(* Let $\Gamma$ be a graphical cake represented by a finite tree of minimal height $h\ge 1$, let two agents $A,B$ have valuations $v_A,v_B$ on $\Gamma$, and let $0\le t\le 1$ with entitlement vector $(t,1-t)$. Then there exists a weighted consensus division $(\alpha,\beta)$ of $\Gamma$ such that each of $\alpha$ and $\beta$ has at most $h+1$ connected components.
   Context: A graphical cake represented by a finite graph $\Gamma=(V,E)$ consists of $|E|$ closed intervals, one per edge, with endpoints identified according to the incidence structure of $\Gamma$. A piece is a finite union of subintervals of edges; its connected pieces are its path components under the endpoint identifications. The minimal height of a tree is the minimum over all vertices $R$ of the height of the tree rooted at $R$ (the maximum distance from $R$ to any vertex). A valuation is a non-atomic Borel probability measure on the cake. A division between two agents is a pair of pieces $(\alpha,\beta)$ with $\alpha\cup\beta=\Gamma$ and $\alpha\cap\beta$ finite. Given entitlements $(t,1-t)$, $0\le t\le1$, a division is a weighted consensus division if $v_A(\alpha)=v_B(\alpha)=t$ and $v_A(\beta)=v_B(\beta)=1-t$. *)

theory Defs
  imports "HOL-Analysis.Analysis" "HOL-Probability.Probability"
begin

text \<open>A finite graph is given by a vertex set V and a set E of edges; each edge is
stored once as an ordered pair (u,v) whose first component is its "0-end" and whose
second component is its "1-end" (the orientation is only used to parametrise the
edge by the unit interval).\<close>

definition adj :: "('v \<times> 'v) set \<Rightarrow> ('v \<times> 'v) set" where
  "adj E = {(u, w). (u, w) \<in> E \<or> (w, u) \<in> E}"

definition is_tree :: "'v set \<Rightarrow> ('v \<times> 'v) set \<Rightarrow> bool" where
  "is_tree V E \<longleftrightarrow> finite V \<and> V \<noteq> {} \<and> E \<subseteq> V \<times> V
     \<and> (\<forall>(u, w) \<in> E. u \<noteq> w \<and> (w, u) \<notin> E)
     \<and> (\<forall>u\<in>V. \<forall>w\<in>V. (u, w) \<in> (adj E)\<^sup>*)
     \<and> card E + 1 = card V"

definition gdist :: "('v \<times> 'v) set \<Rightarrow> 'v \<Rightarrow> 'v \<Rightarrow> nat" where
  "gdist E u w = (LEAST n. (u, w) \<in> (adj E) ^^ n)"

definition height_at :: "'v set \<Rightarrow> ('v \<times> 'v) set \<Rightarrow> 'v \<Rightarrow> nat" where
  "height_at V E R = Max ((\<lambda>w. gdist E R w) ` V)"

definition min_height :: "'v set \<Rightarrow> ('v \<times> 'v) set \<Rightarrow> nat" where
  "min_height V E = Min ((\<lambda>R. height_at V E R) ` V)"

datatype 'v cake_pt = Vtx 'v | Mid "'v \<times> 'v" real

text \<open>Quotient map from the disjoint union of the edge intervals E \<times> [0,1]
to the cake (endpoints identified with the incident vertices).\<close>
definition cpt :: "('v \<times> 'v) \<times> real \<Rightarrow> 'v cake_pt" where
  "cpt p = (if snd p = 0 then Vtx (fst (fst p))
            else if snd p = 1 then Vtx (snd (fst p)) else Mid (fst p) (snd p))"

definition quotient_topology :: "'a topology \<Rightarrow> ('a \<Rightarrow> 'b) \<Rightarrow> 'b topology" where
  "quotient_topology X f =
     topology (\<lambda>U. U \<subseteq> f ` topspace X \<and> openin X {x \<in> topspace X. f x \<in> U})"

lemma istopology_quotient:
  "istopology (\<lambda>U. U \<subseteq> f ` topspace X \<and> openin X {x \<in> topspace X. f x \<in> U})"
  unfolding istopology_def
proof (rule conjI; intro allI impI)
  fix S T assume "S \<subseteq> f ` topspace X \<and> openin X {x \<in> topspace X. f x \<in> S}"
    "T \<subseteq> f ` topspace X \<and> openin X {x \<in> topspace X. f x \<in> T}"
  moreover have "{x \<in> topspace X. f x \<in> S \<inter> T} =
      {x \<in> topspace X. f x \<in> S} \<inter> {x \<in> topspace X. f x \<in> T}" by auto
  ultimately show "S \<inter> T \<subseteq> f ` topspace X \<and> openin X {x \<in> topspace X. f x \<in> S \<inter> T}"
    by (simp add: openin_Int le_infI1)
next
  fix K assume K: "\<forall>S\<in>K. S \<subseteq> f ` topspace X \<and> openin X {x \<in> topspace X. f x \<in> S}"
  have "{x \<in> topspace X. f x \<in> \<Union>K} = (\<Union>S\<in>K. {x \<in> topspace X. f x \<in> S})" by auto
  with K show "\<Union>K \<subseteq> f ` topspace X \<and> openin X {x \<in> topspace X. f x \<in> \<Union>K}"
    by auto
qed

definition edges_top :: "('v \<times> 'v) set \<Rightarrow> (('v \<times> 'v) \<times> real) topology" where
  "edges_top E = subtopology (prod_topology (discrete_topology E) euclideanreal) (E \<times> {0..1})"

definition cake_top :: "('v \<times> 'v) set \<Rightarrow> 'v cake_pt topology" where
  "cake_top E = quotient_topology (edges_top E) cpt"

definition cake :: "('v \<times> 'v) set \<Rightarrow> 'v cake_pt set" where
  "cake E = topspace (cake_top E)"

definition cake_borel :: "('v \<times> 'v) set \<Rightarrow> 'v cake_pt measure" where
  "cake_borel E = sigma (topspace (cake_top E)) {U. openin (cake_top E) U}"

definition valuation :: "('v \<times> 'v) set \<Rightarrow> 'v cake_pt measure \<Rightarrow> bool" where
  "valuation E M \<longleftrightarrow> sets M = sets (cake_borel E) \<and> space M = cake E \<and> prob_space M
     \<and> (\<forall>x \<in> space M. emeasure M {x} = 0)"

text \<open>A piece is a finite union of (closed, nondegenerate) subintervals of edges.
It is described by a finite set of triples (e, a, b) standing for the subinterval
[a,b] of edge e.\<close>
definition piece_desc :: "('v \<times> 'v) set \<Rightarrow> (('v \<times> 'v) \<times> real \<times> real) set \<Rightarrow> bool" where
  "piece_desc E P \<longleftrightarrow> finite P \<and> (\<forall>(e, a, b) \<in> P. e \<in> E \<and> 0 \<le> a \<and> a < b \<and> b \<le> 1)"

definition piece_set :: "(('v \<times> 'v) \<times> real \<times> real) set \<Rightarrow> 'v cake_pt set" where
  "piece_set P = cpt ` (\<Union>(e, a, b) \<in> P. {e} \<times> {a..b})"

definition is_piece :: "('v \<times> 'v) set \<Rightarrow> 'v cake_pt set \<Rightarrow> bool" where
  "is_piece E S \<longleftrightarrow> (\<exists>P. piece_desc E P \<and> S = piece_set P)"

definition num_components :: "('v \<times> 'v) set \<Rightarrow> 'v cake_pt set \<Rightarrow> nat" where
  "num_components E S = card (path_components_of (subtopology (cake_top E) S))"

definition is_division :: "('v \<times> 'v) set \<Rightarrow> 'v cake_pt set \<Rightarrow> 'v cake_pt set \<Rightarrow> bool" where
  "is_division E \<alpha> \<beta> \<longleftrightarrow> is_piece E \<alpha> \<and> is_piece E \<beta> \<and> \<alpha> \<union> \<beta> = cake E \<and> finite (\<alpha> \<inter> \<beta>)"

definition weighted_consensus ::
  "'v cake_pt measure \<Rightarrow> 'v cake_pt measure \<Rightarrow> real \<Rightarrow> 'v cake_pt set \<Rightarrow> 'v cake_pt set \<Rightarrow> bool" where
  "weighted_consensus vA vB t \<alpha> \<beta> \<longleftrightarrow>
     measure vA \<alpha> = t \<and> measure vB \<alpha> = t \<and> measure vA \<beta> = 1 - t \<and> measure vB \<beta> = 1 - t"

end

theory Submission
  imports Defs "HOL-Library.List_Lexorder" "HOL-Library.Sublist"
begin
________________________
ABOUT THIS TASK: Copy out every line of the listing that contains the string "bool".

TASK SOLUTION:
definition is_tree :: "'v set \<Rightarrow> ('v \<times> 'v) set \<Rightarrow> bool" where
definition valuation :: "('v \<times> 'v) set \<Rightarrow> 'v cake_pt measure \<Rightarrow> bool" where
definition piece_desc :: "('v \<times> 'v) set \<Rightarrow> (('v \<times> 'v) \<times> real \<times> real) set \<Rightarrow> bool" where
definition is_piece :: "('v \<times> 'v) set \<Rightarrow> 'v cake_pt set \<Rightarrow> bool" where
definition is_division :: "('v \<times> 'v) set \<Rightarrow> 'v cake_pt set \<Rightarrow> 'v cake_pt set \<Rightarrow> bool" where
  "'v cake_pt measure \<Rightarrow> 'v cake_pt measure \<Rightarrow> real \<Rightarrow> 'v cake_pt set \<Rightarrow> 'v cake_pt set \<Rightarrow> bool" where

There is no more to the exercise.